The Baroque period saw the rise of opera and other forms like the oratorio, cantata, solo and trio sonatas, the prelude and the fugue.

During the Baroque period words took precedence over the structure of the music as opposed to the preceding Rennaisance period where it was the opposite. The "Doctrine of Affections" is a defining characteristic of Baroque music. Affections mean emotions here. This refers to the practice of expressing a single emotion in a Baroque composition which does not change throughout the piece.  - contrast that with the later Classical or the Romantic periods. 

The Baroque era saw the birth and rise of opera. It was born out of a desire to return to the  ideals of Greek drama. The word "opera" literally translates to "work". It was originally referred to as "opera drammatica in musica" - a dramatic work set to music.
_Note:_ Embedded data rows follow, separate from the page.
lemma point_ideal_pow_dvd:
  assumes \<Phi>: "ring_homomorphism \<Phi>"
    and lin: "\<And>u v w. u * a + v * b + w * c = 0 \<Longrightarrow> \<tau> dvd \<Phi> (linform u v w)"
    and G: "G \<in> point_ideal_pow a b c e"
  shows "\<tau> ^ e dvd \<Phi> G"
  using G unfolding point_ideal_pow_def
proof (induct rule: ideal_gen.induct)
  case zero
  then show ?case by (simp add: ring_homomorphismD[OF \<Phi>])
next
  case (step g h r)
  from step(1) obtain ls where g: "g = prod_list (map (\<lambda>(u, v, w). linform u v w) ls)"
    and ls: "length ls = e" "\<forall>(u, v, w) \<in> set ls. u * a + v * b + w * c = 0"
    by blast
  have "\<forall>y \<in> set (map \<Phi> (map (\<lambda>(u, v, w). linform u v w) ls)). \<tau> dvd y"
    using ls(2) lin by auto
  then have "\<tau> ^ e dvd \<Phi> g"
    using ls(1) unfolding g ring_homomorphism_prod_list[OF \<Phi>]
    by (metis length_map power_length_dvd_prod_list)
  with step(3) show ?case by (simp add: ring_homomorphismD[OF \<Phi>])
qed

lemma eq_0_if_X_power_dvd_mult:
  fixes p r :: "'a::idom poly"
  assumes dvd: "[:0, 1:] ^ n dvd p * r" and p0: "poly p 0 \<noteq> 0" and deg: "degree r < n"
  shows "r = 0"
proof (rule ccontr)
  assume r: "r \<noteq> 0"
  with p0 have pr: "p * r \<noteq> 0" by auto
  have "n \<le> order 0 (p * r)"
    using dvd pr order_divides[of 0 n "p * r"] by simp
  also have "\<dots> = order 0 r"
    using order_mult[OF pr] order_0I[OF p0] by simp
  also have "\<dots> \<le> degree r"
    using order_degree[OF r] .
  finally show False using deg by simp
qed

lemma restrict_line_eq_0:
  fixes a b c a' b' c' :: "'a::field"
  assumes char: "prime CHAR('a)" "q = CHAR('a) ^ k"
    and e: "e \<le> q + 1" "d < e"
    and herm: "hermitian_form q a b c a b c = 0" "hermitian_form q a' b' c' a b c = 0"
      "hermitian_form q a b c a' b' c' = 0"
    and hom: "homogeneous3 d T" and sub: "subscheme_contained (hermitian q) a b c e T"
  shows "restrict_line a b c a' b' c' T = 0"
proof -
  let ?\<Phi> = "restrict_line a b c a' b' c'"
  define t where "t = ([:0, 1:] :: 'a poly poly)"
  note \<Phi> = ring_homomorphism_restrict_line[of a b c a' b' c']
  from sub obtain U A u where U: "eval3 U a b c \<noteq> 0"
    and UA: "U * T - A * hermitian q \<in> point_ideal_pow a b c e"
    unfolding subscheme_contained_def by blast
  have "t dvd ?\<Phi> (linform u v w)" if "u * a + v * b + w * c = 0" for u v w
  proof
    show "?\<Phi> (linform u v w) = t * [:[:u * a' + v * b' + w * c':]:]"
      using that by (simp add: restrict_line_linform binary_linform_def t_def)
  qed
  then have "t ^ e dvd ?\<Phi> (U * T - A * hermitian q)"
    by (rule point_ideal_pow_dvd[OF \<Phi> _ UA])
  moreover have "t ^ e dvd ?\<Phi> (hermitian q)"
    using restrict_line_hermitian[OF char herm] e(1) unfolding t_def
    by (metis dvd_mult le_imp_power_dvd)
  ultimately have "t ^ e dvd ?\<Phi> U * ?\<Phi> T"
    unfolding ring_homomorphismD(2,6)[OF \<Phi>] by (metis diff_add_cancel dvd_add dvd_mult)
  moreover have "poly (?\<Phi> U) 0 \<noteq> 0"
    \<comment> \<open>at \<open>t = 0, s = 1\<close> the line passes through \<open>P\<close>, where \<open>U\<close> does not vanish\<close>
  proof -
    have "poly (poly (?\<Phi> U) 0) 1 = eval3 U a b c"
      unfolding restrict_line_def eval3_eq_subst3
      by (subst subst3_comp[OF ring_homomorphism_const_const
            ring_homomorphism_comp[OF ring_homomorphism_poly ring_homomorphism_poly]])
         (simp add: binary_linform_def)
    with U show ?thesis by auto
  qed
  moreover have "degree (?\<Phi> T) < e"
  proof -
    have "degree (?\<Phi> T) \<le> d"
      unfolding restrict_line_def
      by (rule degree_subst3_homogeneous_le[OF ring_homomorphism_const_const _ _ _ _ hom])
         (simp_all add: binary_linform_def)
    with e(2) show ?thesis by simp
  qed
  ultimately show ?thesis
    unfolding t_def by (rule eq_0_if_X_power_dvd_mult)
qed

section \<open>Linear change of coordinates\<close>

lemma lincomb_linform:
  "cst3 \<alpha> * linform u v w + cst3 \<beta> * linform u' v' w' + cst3 \<gamma> * linform u'' v'' w''
   = linform (\<alpha> * u + \<beta> * u' + \<gamma> * u'') (\<alpha> * v + \<beta> * v' + \<gamma> * v'') (\<alpha> * w + \<beta> * w' + \<gamma> * w'')"
  unfolding linform_def by (simp add: ring_homomorphismD[OF ring_homomorphism_cst3] algebra_simps)

lemma linform_unit: "linform 1 0 0 = varX" "linform 0 1 0 = varY" "linform 0 0 1 = varZ"
  unfolding linform_def by (simp_all add: ring_homomorphismD[OF ring_homomorphism_cst3])
definition respects_pe :: "nat \<Rightarrow> (nat \<Rightarrow> 'v rtree) \<Rightarrow> 'v lit set \<Rightarrow> 'v set \<Rightarrow> bool" where
  "respects_pe m T S e \<longleftrightarrow> (\<forall>i j. adjacent m T i j \<and> e = {troot (T i), troot (T j)} \<longrightarrow>
     (\<forall>v \<in> Pvars T i j. \<not> is_root m T v \<longrightarrow> (v, False) \<in> S) \<and>
     (\<forall>v \<in> Pvars T i j. is_internal m T v \<longrightarrow> (\<forall>u. siblings m T u v \<longrightarrow> (u, True) \<in> S)))"

definition comfortable1 :: "nat \<Rightarrow> (nat \<Rightarrow> 'v rtree) \<Rightarrow> 'v set set \<Rightarrow> 'v lit set \<Rightarrow> bool" where
  "comfortable1 m T M S \<longleftrightarrow> (\<forall>C \<in> clauses m T. \<not> falsifies S C) \<and> (\<forall>e\<in>M. respects_pe m T S e)"

definition Fix :: "nat \<Rightarrow> (nat \<Rightarrow> 'v rtree) \<Rightarrow> 'v lit set \<Rightarrow> 'v lit set" where
  "Fix m T S = {(cleaf T i j, True) | i j. adjacent m T i j \<and> (cleaf T i j, True) \<in> S \<and>
       (\<forall>v \<in> Pvars T i j - {cleaf T i j}. (v, False) \<in> S)}"

definition SAT :: "nat \<Rightarrow> (nat \<Rightarrow> 'v rtree) \<Rightarrow> 'v lit set set" where
  "SAT m T = {S'. consistent S' \<and> Vars S' = HV m T \<and>
     (\<forall>C \<in> clauses m T. \<exists>v\<in>C. (v, True) \<in> S')}"

definition EC :: "nat \<Rightarrow> (nat \<Rightarrow> 'v rtree) \<Rightarrow> 'v lit set \<Rightarrow> 'v lit set set" where
  "EC m T S = {S' \<in> SAT m T. S \<subseteq> S'}"

definition weight :: "nat \<Rightarrow> (nat \<Rightarrow> 'v rtree) \<Rightarrow> 'v lit set \<Rightarrow> real" where
  "weight m T S' = (1/2) ^ card (HV m T - Vars (Fix m T S'))"

definition Pr :: "nat \<Rightarrow> (nat \<Rightarrow> 'v rtree) \<Rightarrow> 'v lit set set \<Rightarrow> real" where
  "Pr m T A = (\<Sum>S'\<in>A \<inter> SAT m T. weight m T S')"

end

theory Submission imports Defs begin

text \<open>The weight of a satisfying assignment \<open>S'\<close> only depends on \<open>Fix(S')\<close>, so it suffices to
show \<open>Fix(S') = Fix(S)\<close> for every \<open>S' \<supseteq> S\<close>. If \<open>S'\<close> fixes the leaf of a clause \<open>C\<^sub>i\<^sub>,\<^sub>j\<close>
that has a variable outside \<open>Vars(S)\<close>, that variable is a root \<open>t\<^sub>i\<close> of a pseudoedge
\<open>{t\<^sub>i, t\<^sub>k} \<in> M\<close> respected by \<open>S\<close>. For \<open>k = j\<close> the leaf \<open>\<ell>\<^sub>i\<^sub>,\<^sub>j\<close> is negative in \<open>S\<close>; for \<open>k \<noteq> j\<close>
the paths from \<open>t\<^sub>i\<close> to \<open>\<ell>\<^sub>i\<^sub>,\<^sub>j\<close> and to \<open>\<ell>\<^sub>i\<^sub>,\<^sub>k\<close> split at two siblings, and respecting
\<open>{t\<^sub>i, t\<^sub>k}\<close> makes the one on the path to \<open>\<ell>\<^sub>i\<^sub>,\<^sub>j\<close> positive. Either way \<open>S'\<close> does not fix
\<open>\<ell>\<^sub>i\<^sub>,\<^sub>j\<close>, so every clause fixed by \<open>S'\<close> is already decided, and fixed, by \<open>S\<close>.\<close>

definition fixes_clause :: "(nat \<Rightarrow> 'v rtree) \<Rightarrow> 'v lit set \<Rightarrow> nat \<Rightarrow> nat \<Rightarrow> bool" where
  "fixes_clause T S i j \<longleftrightarrow> (cleaf T i j, True) \<in> S \<and>
     (\<forall>v \<in> Pvars T i j - {cleaf T i j}. (v, False) \<in> S)"
theorem fejer_riesz:
  assumes "degree R \<le> 2 * d" "nonneg_on_circle d R"
  shows "\<exists>Q. degree Q \<le> d \<and> R = Q * cnj_reflect d Q"
  using assms
proof (induction d arbitrary: R)
  case 0
  then have "poly R 1 \<in> \<real>\<^sub>\<ge>\<^sub>0"
    unfolding nonneg_on_circle_def by (metis norm_one power_0 div_by_1)
  then obtain r where r: "poly R 1 = of_real r" "0 \<le> r"
    by (rule nonneg_Reals_cases)
  define Q where "Q = [:complex_of_real (sqrt r):]"
  have "R = [:coeff R 0:]"
    using "0.prems"(1) degree_0_id[of R] by simp
  then have "R = [:poly R 1:]"
    by (metis poly_const_conv)
  also have "\<dots> = Q * cnj_reflect 0 Q"
  proof (rule poly_eq_on_circleI)
    fix z :: complex
    assume "cmod z = 1"
    then show "poly [:poly R 1:] z = poly (Q * cnj_reflect 0 Q) z"
      using poly_mult_cnj_reflect_circle[of Q 0 z] r by (simp add: Q_def)
  qed
  finally show ?case
    by (intro exI[of _ Q]) (simp add: Q_def)
next
  case (Suc d)
  obtain a R' where R': "R = [:-a, 1:] * cnj_reflect 1 [:-a, 1:] * R'" "degree R' \<le> 2 * d"
    using nonneg_on_circle_obtain_factor[OF Suc.prems] by blast
  then have "nonneg_on_circle d R'"
    using nonneg_on_circle_cancel_factor Suc.prems(2) by blast
  then obtain Q' where Q': "degree Q' \<le> d" "R' = Q' * cnj_reflect d Q'"
    using Suc.IH R'(2) by blast
  define Q where "Q = [:-a, 1:] * Q'"
  have "degree Q \<le> Suc d"
    using degree_mult_le[of "[:-a, 1:]" Q'] Q'(1) by (simp add: Q_def)
  moreover have "cnj_reflect (1 + d) Q = cnj_reflect 1 [:-a, 1:] * cnj_reflect d Q'"
    unfolding Q_def by (rule cnj_reflect_mult) (simp_all add: Q'(1))
  then have "R = Q * cnj_reflect (Suc d) Q"
    unfolding R'(1) Q'(2) by (simp only: Suc_eq_plus1_left Q_def mult_ac)
  ultimately show ?case
    by blast
qed

section \<open>Complementary polynomials\<close>

definition complementary :: "complex poly \<Rightarrow> complex poly \<Rightarrow> bool" where
  "complementary P Q \<longleftrightarrow> (\<forall>z. cmod z = 1 \<longrightarrow> (cmod (poly P z))\<^sup>2 + (cmod (poly Q z))\<^sup>2 = 1)"

lemma poly_one_minus_mult_cnj_reflect_circle:
  assumes "degree P \<le> d" "cmod z = 1"
  shows "poly (monom 1 d - P * cnj_reflect d P) z = z ^ d * of_real (1 - (cmod (poly P z))\<^sup>2)"
  unfolding poly_diff poly_monom poly_mult_cnj_reflect_circle[OF assms]
  by (simp only: of_real_diff of_real_1 right_diff_distrib mult_1_left mult_1_right)
lemma root_generation_triple_sons_disjoint:
  assumes x: "x \<in> G (rt, rt, rt) n" and y: "y \<in> G (rt, rt, rt) n" and "x \<noteq> y"
  shows "triple_sons sons bleaf x \<inter> triple_sons sons bleaf y = {}"
proof -
  obtain t1 s1 r1 t2 s2 r2 where xy: "x = (t1, s1, r1)" "y = (t2, s2, r2)"
    by (cases x, cases y) auto
  let ?D = "generation (sonsp sons) rt n"
  have "t1 \<in> ?D" "s1 \<in> ?D" "r1 \<in> ?D" "t2 \<in> ?D" "s2 \<in> ?D" "r2 \<in> ?D"
    using x y xy generation_triple_sons_subset[of sons bleaf rt rt rt n] by auto
  then have "sonsp sons t1 \<inter> sonsp sons t2 = {} \<or> sonsp sons s1 \<inter> sonsp sons s2 = {}
      \<or> sonsp sons r1 \<inter> sonsp sons r2 = {}"
    using \<open>x \<noteq> y\<close> xy root_generation_sonsp_disjoint by blast
  then show ?thesis using xy triple_sons_subset[of sons bleaf] by blast
qed

lemma root_generation_triples_depth:
  assumes "x \<in> G (rt, rt, rt) (Suc n)"
  shows "Suc n \<le> cluster_depth rt sons"
proof -
  obtain t s r where tsr: "(t, s, r) \<in> G (rt, rt, rt) n" "x \<in> triple_sons sons bleaf (t, s, r)"
    using assms by auto
  then have nonleaf: "\<not> bleaf (t, s)" by (auto simp: triple_sons_def split: if_splits)
  have "(t, s) \<in> B"
    using tsr(1) root_generation_subset_triples triples_subset_composable
    by (force simp: composable_triples_def)
  then have "sons t \<noteq> {} \<or> sons s \<noteq> {}"
    using block_tree nonleaf unfolding is_block_tree_def by blast
  moreover have "t \<in> generation (sonsp sons) rt n" "s \<in> generation (sonsp sons) rt n"
    using tsr(1) generation_triple_sons_subset[of sons bleaf rt rt rt n] by auto
  ultimately show ?thesis using root_generation_nonleaf_depth by blast
qed

lemma generation_triples_extinct:
  assumes "(t, s, r) \<in> T"
  shows "G (t, s, r) (Suc (cluster_depth rt sons)) = {}"
proof -
  obtain n where n: "(t, s, r) \<in> G (rt, rt, rt) n" using assms triple_in_root_generation by blast
  have "x \<notin> G (t, s, r) (Suc (cluster_depth rt sons))" for x
    using generation_trans[OF n] root_generation_triples_depth[of x "n + cluster_depth rt sons"]
    by fastforce
  then show ?thesis by blast
qed

lemma generation_triple_sons_disjoint:
  assumes "(t, s, r) \<in> T" "x \<in> G (t, s, r) j" "y \<in> G (t, s, r) j" "x \<noteq> y"
  shows "triple_sons sons bleaf x \<inter> triple_sons sons bleaf y = {}"
proof -
  obtain n where "(t, s, r) \<in> G (rt, rt, rt) n" using assms(1) triple_in_root_generation by blast
  then have "x \<in> G (rt, rt, rt) (n + j)" "y \<in> G (rt, rt, rt) (n + j)"
    using assms(2,3) generation_trans by fast+
  then show ?thesis using assms(4) by (rule root_generation_triple_sons_disjoint)
qed
lemma tau_conj_letter_same:
  assumes "1 \<le> j" "j + 1 < n"
  shows "braid_eq n (tau n j False @ [(j, False)])
    ([(j, False)] @ tau n j False @ tau n (j + 1) False @ tau n j True)"
proof -
  have T: "tau n j False \<in> braid_words n"
    using assms by (intro tau_valid) auto
  have "braid_eq n ([(j, False)] @ tau n j False @ tau n (j + 1) False @ tau n j True)
      (tau n j False @ tau n (j + 1) False @ [(j, False)] @ tau n j True)"
    using braid_eq.ctxt[OF braid_eq.sym[OF tau_pair_commute_letter[OF assms]], of "[]" "tau n j True"] by simp
  also have "braid_eq n \<dots> (tau n j False @ [(j, False)] @ tau n j False @ tau n j True)"
    using braid_eq.ctxt[OF tau_succ_conj_letter[OF assms], of "tau n j False" "tau n j True"] by simp
  also have "braid_eq n \<dots> (tau n j False @ [(j, False)])"
    using braid_eq.ctxt[OF braid_eq_append_finv[OF T], of "tau n j False @ [(j, False)]" "[]"]
    by (simp add: finv_tau)
  finally show ?thesis by (rule braid_eq.sym)
qed

section \<open>The \<open>\<tau>\<close>'s generate a normal subgroup\<close>

lemma tau_pos_conj_letter_pos:
  assumes "1 \<le> j" "j < n" "1 \<le> i" "i + 1 < n"
  shows "\<exists>v \<in> braid_words n. braid_eq n (tau n j False @ [(i, False)]) ([(i, False)] @ tau_word n v)"
proof -
  consider "i = j" | "i + 1 = j" | "i + 2 \<le> j \<or> j + 1 \<le> i" by linarith
  then show ?thesis
  proof cases
    case 1
    then show ?thesis using tau_conj_letter_same[of j n] assms
      by (intro bexI[of _ "[(j, False), (Suc j, False), (j, True)]"]) (simp_all add: tau_word_Cons)
  next
    case 2
    then show ?thesis using tau_succ_conj_letter[of i n] assms
      by (intro bexI[of _ "[(i, False)]"]) (simp_all add: tau_word_Cons)
  next
    case 3
    then show ?thesis using tau_commute_letter[of j n i False False] assms
      by (intro bexI[of _ "[(j, False)]"]) (simp_all add: tau_word_Cons)
  qed
qed

lemma tau_conj_letter_pos:
  assumes "1 \<le> j" "j < n" "1 \<le> i" "i + 1 < n"
  shows "\<exists>v \<in> braid_words n. braid_eq n (tau n j d @ [(i, False)]) ([(i, False)] @ tau_word n v)"
proof (cases d)
  case True
  obtain v where v: "v \<in> braid_words n"
    "braid_eq n (tau n j False @ [(i, False)]) ([(i, False)] @ tau_word n v)"
    using tau_pos_conj_letter_pos[OF assms] by blast
  have "braid_eq n (finv (tau n j False) @ [(i, False)]) ([(i, False)] @ finv (tau_word n v))"
    using v assms by (intro braid_eq_conj_letter_finv tau_valid tau_word_valid) auto
  with v True show ?thesis
    by (intro bexI[of _ "finv v"]) (simp_all add: finv_tau finv_tau_word)
qed (use tau_pos_conj_letter_pos[OF assms] in simp)

lemma tau_succ_conj_inv_letter:
  assumes "1 \<le> i" "i + 1 < n"
  shows "braid_eq n (tau_word n [(i + 1, True), (i, False), (i + 1, False)] @ [(i, False)])
    ([(i, False)] @ tau n (i + 1) False)"
proof -
  let ?s = "(i, False)"
  let ?A = "tau n (Suc i) False" and ?B = "tau n i False"
    and ?Ai = "tau n (Suc i) True" and ?Bi = "tau n i True"
  have f1: "braid_eq n (?A @ [?s]) ([?s] @ ?B)"
    using tau_succ_conj_letter[OF assms] by simp
  have f2: "braid_eq n (?B @ [?s]) ([?s] @ ?B @ ?A @ ?Bi)"
    using tau_conj_letter_same[OF assms] by simp
  have valid: "?A \<in> braid_words n" "?B \<in> braid_words n"
    using assms by (auto intro: tau_valid)
  have f3: "braid_eq n (?Ai @ [?s]) ([?s] @ ?Bi)"
    using braid_eq_conj_letter_finv[OF f1 valid] assms by (simp add: finv_tau)
  have c: "braid_eq n (?Bi @ ?B) []"
    using braid_eq_finv_append[OF valid(2)] by (simp add: finv_tau)
  have "tau_word n [(i + 1, True), (i, False), (i + 1, False)] @ [?s] = ?Ai @ ?B @ ?A @ [?s]"
    by (simp add: tau_word_Cons)
  also have "braid_eq n \<dots> (?Ai @ ?B @ [?s] @ ?B)"
    using braid_eq.ctxt[OF f1, of "?Ai @ ?B" "[]"] by simp
  also have "braid_eq n \<dots> (?Ai @ [?s] @ ?B @ ?A @ ?Bi @ ?B)"
    using braid_eq.ctxt[OF f2, of ?Ai ?B] by simp
  also have "braid_eq n \<dots> ([?s] @ ?Bi @ ?B @ ?A @ ?Bi @ ?B)"
    using braid_eq.ctxt[OF f3, of "[]" "?B @ ?A @ ?Bi @ ?B"] by simp
  also have "braid_eq n \<dots> ([?s] @ ?A @ ?Bi @ ?B)"
    using braid_eq.ctxt[OF c, of "[?s]" "?A @ ?Bi @ ?B"] by simp
  also have "braid_eq n \<dots> ([?s] @ ?A)"
    using braid_eq.ctxt[OF c, of "[?s] @ ?A" "[]"] by simp
  finally show ?thesis by simp
qed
A structured, formal arrangement of the music is another quality of Baroque music. Another is the basso continuo. A bass instrument plays the bass line (the lowest) and melodic instruments play the melody (the highest), with other instruments (e.g. keyboard) filling in the rest. The major-minor tonal system in music was also established during this period. Counterpoint - the interplay of two or more melodies in a single composition - is also used in many Baroque compositions although it originated earlier.

During the Baroque, vocal dominated music to started to give way to an arena where instrumental music played a much bigger role. Previously, vocal music dominated due to the greater profusion of sacred music. The church was the primary patron of composers. However, during the Baroque period, nobility and royalty became patrons of musicians thus supporting more and more secular music. This led to fewer restrictions on themes and a greater scope for experimentation.
 
Around 1600 the violin began to play a greater role in musical compositions along with the viola and the cello. The Baroque orchestra grew in size and number of sections.


 

From Giovanni Gabrielli to Giacomo Carissimi

Back to my listening list

There are mostly Italian composers in the list in this period of the Baroque era - roughly the first 3 quarters of the 17th century. This reflects the fact that the Italian style was the most prominent throughout Europe then. The influence of Italy was not limited to just style but also the origin of major forms like opera, sonata, concerto and oratorio.

Gabrielli's canzone and sonatas for brass and winds can be soothing, melancholic or frolicking at times. He was one of the pioneers of the ensemble canzone. Canzone translates to "song" in Italian, and it was an instrumental genre of the 16th and 17th centuries.

Monterverdi straddled the Rennaisance and Baroque periods and is widely known for his madrigals and operas, and was a towering composer of the early Baroque period. A "madrigal" is a type of vocal music. Monteverdi's Book 4 and Book 8 (from the list) are madrigal compositions, and his Book 8 has more dramatic, choral and orchestral music. I also discovered his opera"L’incoroniazone di Poppea" - or The Coronation of Poppea. I did not sit through the entire opera but watched excerpts, and in the process discovered Pur ti miro - a beautiful aria sung as a duet. A good version is here, and Joshua Bell has a violin rendition.

Heinrich Sch├╝tz was German in this predominantly Italian list - and his works comprise of mostly sacred music.

The only female composer in this sub-period is Francesca Caccini - an Italian composer and singer. This composer was missing in both Swafford's book and the NPR book. I included her based on other lists.

In summary, it was not possible for me to appreciate and understand every single work here - but in the process I discovered some wonderful compositions. I suspect that as I move forward into the middle and later Baroque the music will start to sound more "familiar", as it developed in complexity in form, themes and the number of instruments.